> Directions for this task: The stretch from the line with "unfolding Z_def by (rule" through the line with "by (rule of_nat_mono)" in the records below: write it out exactly, and nothing else.

** Dataset excerpts follows **

lemma isometric_action_generates:
  fixes act :: "int ^ 'n \<Rightarrow> 'x::metric_space \<Rightarrow> 'x"
  assumes "length_space TYPE('x)" and iso: "isometric_action act"
    and "quotient_diam_le act D" and "D > 0"
  shows "generates {g. g \<noteq> 0 \<and> dist (act g x0) x0 \<le> 3 * D}"
  unfolding generates_def
proof
  fix \<gamma> :: "int ^ 'n"
  have act_add: "act (g + h) x = act g (act h x)" and act_dist: "dist (act g x) (act g y) = dist x y"
    for g h x y using iso unfolding isometric_action_def by blast+
  obtain N g where g: "g 0 = 0" "g N = \<gamma>"
    "\<And>i. i < N \<Longrightarrow> dist (act (g i) x0) (act (g (Suc i)) x0) < 3 * D"
    using orbit_chain[OF assms(1,3,4)] iso unfolding isometric_action_def by metis
  define steps where "steps = map (\<lambda>i. g (Suc i) - g i) [0..<N]"
  have "dist (act s x0) x0 \<le> 3 * D" if s: "s \<in> set steps" for s
  proof -
    obtain i where i: "i < N" "s = g (Suc i) - g i" using s unfolding steps_def by auto
    have "dist (act s x0) x0 = dist (act (g (Suc i)) x0) (act (g i) x0)"
      using act_dist[of "g i" "act s x0" x0] unfolding i(2) act_add[symmetric] by simp
    then show ?thesis using g(3)[OF i(1)] by (simp add: dist_commute)
  qed
  moreover have "sum_list (filter (\<lambda>s. s \<noteq> 0) steps) = \<gamma>"
  proof -
    have "sum_list (filter (\<lambda>s. s \<noteq> 0) steps) = sum_list steps"
      by (induction steps) auto
    also have "\<dots> = (\<Sum>i<N. g (Suc i) - g i)"
      unfolding steps_def by (simp add: sum_list_sum_nth atLeast0LessThan)
    also have "\<dots> = \<gamma>" using g(1,2) by (simp add: sum_lessThan_telescope)
    finally show ?thesis .
  qed
  ultimately show "\<exists>xs. set xs \<subseteq> {g. g \<noteq> 0 \<and> dist (act g x0) x0 \<le> 3 * D}
      \<union> uminus ` {g. g \<noteq> 0 \<and> dist (act g x0) x0 \<le> 3 * D} \<and> sum_list xs = \<gamma>"
    by (intro exI[of _ "filter (\<lambda>s. s \<noteq> 0) steps"]) auto
qed

theorem lemma2p2:
  fixes act :: "int ^ 'n \<Rightarrow> 'x::metric_space \<Rightarrow> 'x"
    and x0 :: 'x and D :: real
    and \<Sigma>n S :: "(int ^ 'n) set"
  assumes "length_space TYPE('x)"
    and "isometric_action act" and "free_action act"
    and "properly_discontinuous act" and "cocompact act"
    and "quotient_diam_le act D"
  defines "\<Sigma>D \<equiv> {g. g \<noteq> 0 \<and> dist (act g x0) x0 \<le> 3 * D}"
  assumes "\<Sigma>n \<subseteq> \<Sigma>D" and "card \<Sigma>n = CARD('n)" and "int_lin_indep \<Sigma>n"
  defines "Z \<equiv> int_span \<Sigma>n"
  assumes "0 \<in> S"
    and "\<forall>g. \<exists>!s. s \<in> S \<and> g - s \<in> Z"
    and "\<forall>s\<in>S. \<forall>g. g - s \<in> Z \<longrightarrow> word_length \<Sigma>D s \<le> word_length \<Sigma>D g"
  defines "\<Sigma>hat \<equiv> {si + \<sigma> - sj | si sj \<sigma>. si \<in> S \<and> sj \<in> S \<and> \<sigma> \<in> \<Sigma>D \<and> si + \<sigma> - sj \<in> Z - {0}}"
  shows "\<forall>\<gamma>\<in>Z. word_length \<Sigma>hat \<gamma> \<le> word_length \<Sigma>D \<gamma> \<and>
           real (word_length \<Sigma>D \<gamma>) \<le> (2 * real (group_index Z) + 1) * real (word_length \<Sigma>hat \<gamma>)"
proof
  fix \<gamma> assume "\<gamma> \<in> Z"
  \<comment> \<open>Freeness only serves to make \<open>D\<close> positive.\<close>
  have "card \<Sigma>n > 0" using assms(9) by simp
  then obtain v where "v \<in> \<Sigma>n" by (auto simp: card_gt_0_iff)
  then have v: "v \<noteq> 0" "dist (act v x0) x0 \<le> 3 * D" using assms(8) unfolding \<Sigma>D_def by auto
  then have "act v x0 \<noteq> x0" using assms(3) unfolding free_action_def by blast
  then have "D > 0" using v(2) zero_less_dist_iff[of "act v x0" x0] by linarith
  then have gen: "generates \<Sigma>D"
    unfolding \<Sigma>D_def by (rule isometric_action_generates[OF assms(1,2,6)])
  have fin: "finite {(\<lambda>z. g + z) ` Z | g. True}"
    unfolding Z_def by (rule finite_cosets_full_rank_int_span[OF assms(9,10)])
  have Z0: "0 \<in> Z" and Z_diff: "\<And>a b. a \<in> Z \<Longrightarrow> b \<in> Z \<Longrightarrow> a - b \<in> Z"
    unfolding Z_def by (simp_all add: int_span_0 int_span_diff)
  have "schreier_generators S Z \<Sigma>D = \<Sigma>hat"
    unfolding \<Sigma>hat_def schreier_generators_def ..
  then have hat_le: "word_length \<Sigma>hat \<gamma> \<le> word_length \<Sigma>D \<gamma>"
    and le_hat: "word_length \<Sigma>D \<gamma> \<le> (2 * group_index Z + 1) * word_length \<Sigma>hat \<gamma>"
    using schreier_word_length_bounds[OF gen Z0 Z_diff fin assms(12) assms(13)[rule_format]
        assms(14)[rule_format] \<open>\<gamma> \<in> Z\<close>]
    unfolding group_index_def by simp_all
  from le_hat have "real (word_length \<Sigma>D \<gamma>) \<le> real ((2 * group_index Z + 1) * word_length \<Sigma>hat \<gamma>)"
    by (rule of_nat_mono)
  with hat_le show "word_length \<Sigma>hat \<gamma> \<le> word_length \<Sigma>D \<gamma> \<and>
      real (word_length \<Sigma>D \<gamma>) \<le> (2 * real (group_index Z) + 1) * real (word_length \<Sigma>hat \<gamma>)"
    by (simp add: algebra_simps)
qed
lemma kappa_pow2_mult: "kappa j (2 ^ k * m) = kappa j m"
  by (induction k) (simp_all add: kappa_double mult.assoc)

lemma D_pow2_mult: "D (2 ^ k * m) = D m"
  by (simp add: D_def kappa_pow2_mult)

lemma kappa_2_Suc_double: "kappa 2 (Suc (2 * u)) = (kappa 2 u + kappa 2 (Suc u)) / 2 + 1"
  using moment_2_Suc_double[of u] by (simp add: kappa_2_eq_moment field_simps)

lemma kappa_3_Suc_double:
  "kappa 3 (Suc (2 * u)) = (kappa 3 u + kappa 3 (Suc u)) / 2 + 3 / 2 * (kappa 2 u - kappa 2 (Suc u))"
proof -
  let ?w = "2 * pi * \<i> :: complex"
  have "kappa 3 (Suc (2 * u)) = 2 * moment 3 (Suc (2 * u)) / (2 * ?w ^ 3)"
    by (simp add: kappa_3_eq_moment)
  also have "\<dots> = (moment 3 u + moment 3 (Suc u) + 3 * ?w * (moment 2 u - moment 2 (Suc u))) / (2 * ?w ^ 3)"
    by (simp only: moment_3_Suc_double)
  also have "\<dots> = (kappa 3 u + kappa 3 (Suc u)) / 2 + 3 / 2 * (kappa 2 u - kappa 2 (Suc u))"
    by (simp add: kappa_eq_moment field_simps power2_eq_square power3_eq_cube)
  finally show ?thesis .
qed

lemma D_Suc_double: "D (Suc (2 * u)) = (D u + D (Suc u)) / 2 + (kappa 2 (Suc u) - kappa 2 u) / 2 + 1"
  unfolding D_def kappa_2_Suc_double kappa_3_Suc_double by (simp add: field_simps)

text \<open>In binary, 2^(k+1) t + 2^k - 1 is t followed by a zero and k ones.\<close>

lemma zero_ones_suffix_Suc:
  fixes t k :: nat
  shows "2 ^ (Suc k + 1) * t + 2 ^ Suc k - 1 = Suc (2 * (2 ^ (k + 1) * t + 2 ^ k - 1))"
    and "Suc (2 ^ (k + 1) * t + 2 ^ k - 1) = 2 ^ k * Suc (2 * t)"
proof -
  obtain q where "2 ^ k = Suc q" using not0_implies_Suc[of "2 ^ k"] by auto
  then show "2 ^ (Suc k + 1) * t + 2 ^ Suc k - 1 = Suc (2 * (2 ^ (k + 1) * t + 2 ^ k - 1))"
    and "Suc (2 ^ (k + 1) * t + 2 ^ k - 1) = 2 ^ k * Suc (2 * t)"
    by (simp_all add: algebra_simps)
qed

lemma kappa_2_zero_ones_suffix:
  fixes t k :: nat
  shows "kappa 2 (2 ^ (k + 1) * t + 2 ^ k - 1)
           = (2 ^ k + 1) * kappa 2 t / 2 ^ (k + 1) + (2 ^ k - 1) * kappa 2 (t + 1) / 2 ^ (k + 1)
             + 3 * (2 ^ k - 1) / 2 ^ k"
proof (induction k)
  case 0
  then show ?case by (simp add: kappa_double)
next
  case (Suc k)
  define T where "T = 2 ^ (k + 1) * t + 2 ^ k - 1"
  define X :: complex where "X = 2 ^ k"
  have X: "X \<noteq> 0" "(2::complex) ^ (k + 1) = 2 * X" "(2::complex) ^ Suc k = 2 * X"
    "(2::complex) ^ (Suc k + 1) = 4 * X"
    by (simp_all add: X_def)
  have IH: "kappa 2 T = (X + 1) * kappa 2 t / (2 * X) + (X - 1) * kappa 2 (t + 1) / (2 * X) + 3 * (X - 1) / X"
    using Suc.IH by (simp only: T_def[symmetric] X(2) flip: X_def)
  have kappa_Suc_T: "kappa 2 (Suc T) = (kappa 2 t + kappa 2 (t + 1)) / 2 + 1"
    unfolding T_def zero_ones_suffix_Suc(2) kappa_pow2_mult kappa_2_Suc_double by simp
  show ?case
    unfolding zero_ones_suffix_Suc(1) T_def[symmetric] kappa_2_Suc_double IH kappa_Suc_T X(3,4)
    using X(1) by (simp add: field_simps flip: X_def)
qed

lemma D_zero_ones_suffix:
  fixes t k :: nat
  shows "D (2 ^ (k + 1) * t + 2 ^ k - 1)
           = (2 ^ k + 1) / 2 ^ (k + 1) * D t + (2 ^ k - 1) / 2 ^ (k + 1) * D (t + 1)
             + (1 / 2 + (of_nat k - 1) / 2 ^ (k + 1)) * (kappa 2 (t + 1) - kappa 2 t)
             + 1 + (3 * of_nat k - 1) / 2 ^ k"
proof (induction k)
  case 0
  then show ?case by (simp add: D_def kappa_double)
next
  case (Suc k)
  define T where "T = 2 ^ (k + 1) * t + 2 ^ k - 1"
  define X :: complex where "X = 2 ^ k"
  have X: "X \<noteq> 0" "(2::complex) ^ (k + 1) = 2 * X" "(2::complex) ^ Suc k = 2 * X"
    "(2::complex) ^ (Suc k + 1) = 4 * X"
    by (simp_all add: X_def)
  have IH: "D T = (X + 1) / (2 * X) * D t + (X - 1) / (2 * X) * D (t + 1)
      + (1 / 2 + (of_nat k - 1) / (2 * X)) * (kappa 2 (t + 1) - kappa 2 t) + 1 + (3 * of_nat k - 1) / X"
    using Suc.IH by (simp only: T_def[symmetric] X(2) flip: X_def)
  have kappa_T: "kappa 2 T = (X + 1) * kappa 2 t / (2 * X) + (X - 1) * kappa 2 (t + 1) / (2 * X) + 3 * (X - 1) / X"
    using kappa_2_zero_ones_suffix[of k t] by (simp only: T_def[symmetric] X(2) flip: X_def)
  have kappa_Suc_T: "kappa 2 (Suc T) = (kappa 2 t + kappa 2 (t + 1)) / 2 + 1"
    unfolding T_def zero_ones_suffix_Suc(2) kappa_pow2_mult kappa_2_Suc_double by simp
  have D_Suc_T: "D (Suc T) = (D t + D (t + 1)) / 2 + (kappa 2 (t + 1) - kappa 2 t) / 2 + 1"
    unfolding T_def zero_ones_suffix_Suc(2) D_pow2_mult D_Suc_double by simp
  show ?case
    unfolding zero_ones_suffix_Suc(1) T_def[symmetric] D_Suc_double IH kappa_T kappa_Suc_T D_Suc_T X(3,4)
    using X(1) by (simp add: field_simps flip: X_def)
qed

theorem lemma2p10:
  fixes t k :: nat
  shows "(kappa 2 (2^(k+1) * t + 2^k - 1) =
           (2^k + 1) * kappa 2 t / 2^(k+1) + (2^k - 1) * kappa 2 (t+1) / 2^(k+1)
           + 3 * (2^k - 1) / 2^k) \<and>
         (D (2^(k+1) * t + 2^k - 1) =
           (2^k + 1) / 2^(k+1) * D t + (2^k - 1) / 2^(k+1) * D (t+1)
           + (1/2 + (of_nat k - 1) / 2^(k+1)) * (kappa 2 (t+1) - kappa 2 t)
           + 1 + (3 * of_nat k - 1) / 2^k)"
  using kappa_2_zero_ones_suffix D_zero_ones_suffix by blast

end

** End of Dataset excerpts **

> Task response:
    unfolding Z_def by (rule finite_cosets_full_rank_int_span[OF assms(9,10)])
  have Z0: "0 \<in> Z" and Z_diff: "\<And>a b. a \<in> Z \<Longrightarrow> b \<in> Z \<Longrightarrow> a - b \<in> Z"
    unfolding Z_def by (simp_all add: int_span_0 int_span_diff)
  have "schreier_generators S Z \<Sigma>D = \<Sigma>hat"
    unfolding \<Sigma>hat_def schreier_generators_def ..
  then have hat_le: "word_length \<Sigma>hat \<gamma> \<le> word_length \<Sigma>D \<gamma>"
    and le_hat: "word_length \<Sigma>D \<gamma> \<le> (2 * group_index Z + 1) * word_length \<Sigma>hat \<gamma>"
    using schreier_word_length_bounds[OF gen Z0 Z_diff fin assms(12) assms(13)[rule_format]
        assms(14)[rule_format] \<open>\<gamma> \<in> Z\<close>]
    unfolding group_index_def by simp_all
  from le_hat have "real (word_length \<Sigma>D \<gamma>) \<le> real ((2 * group_index Z + 1) * word_length \<Sigma>hat \<gamma>)"
    by (rule of_nat_mono)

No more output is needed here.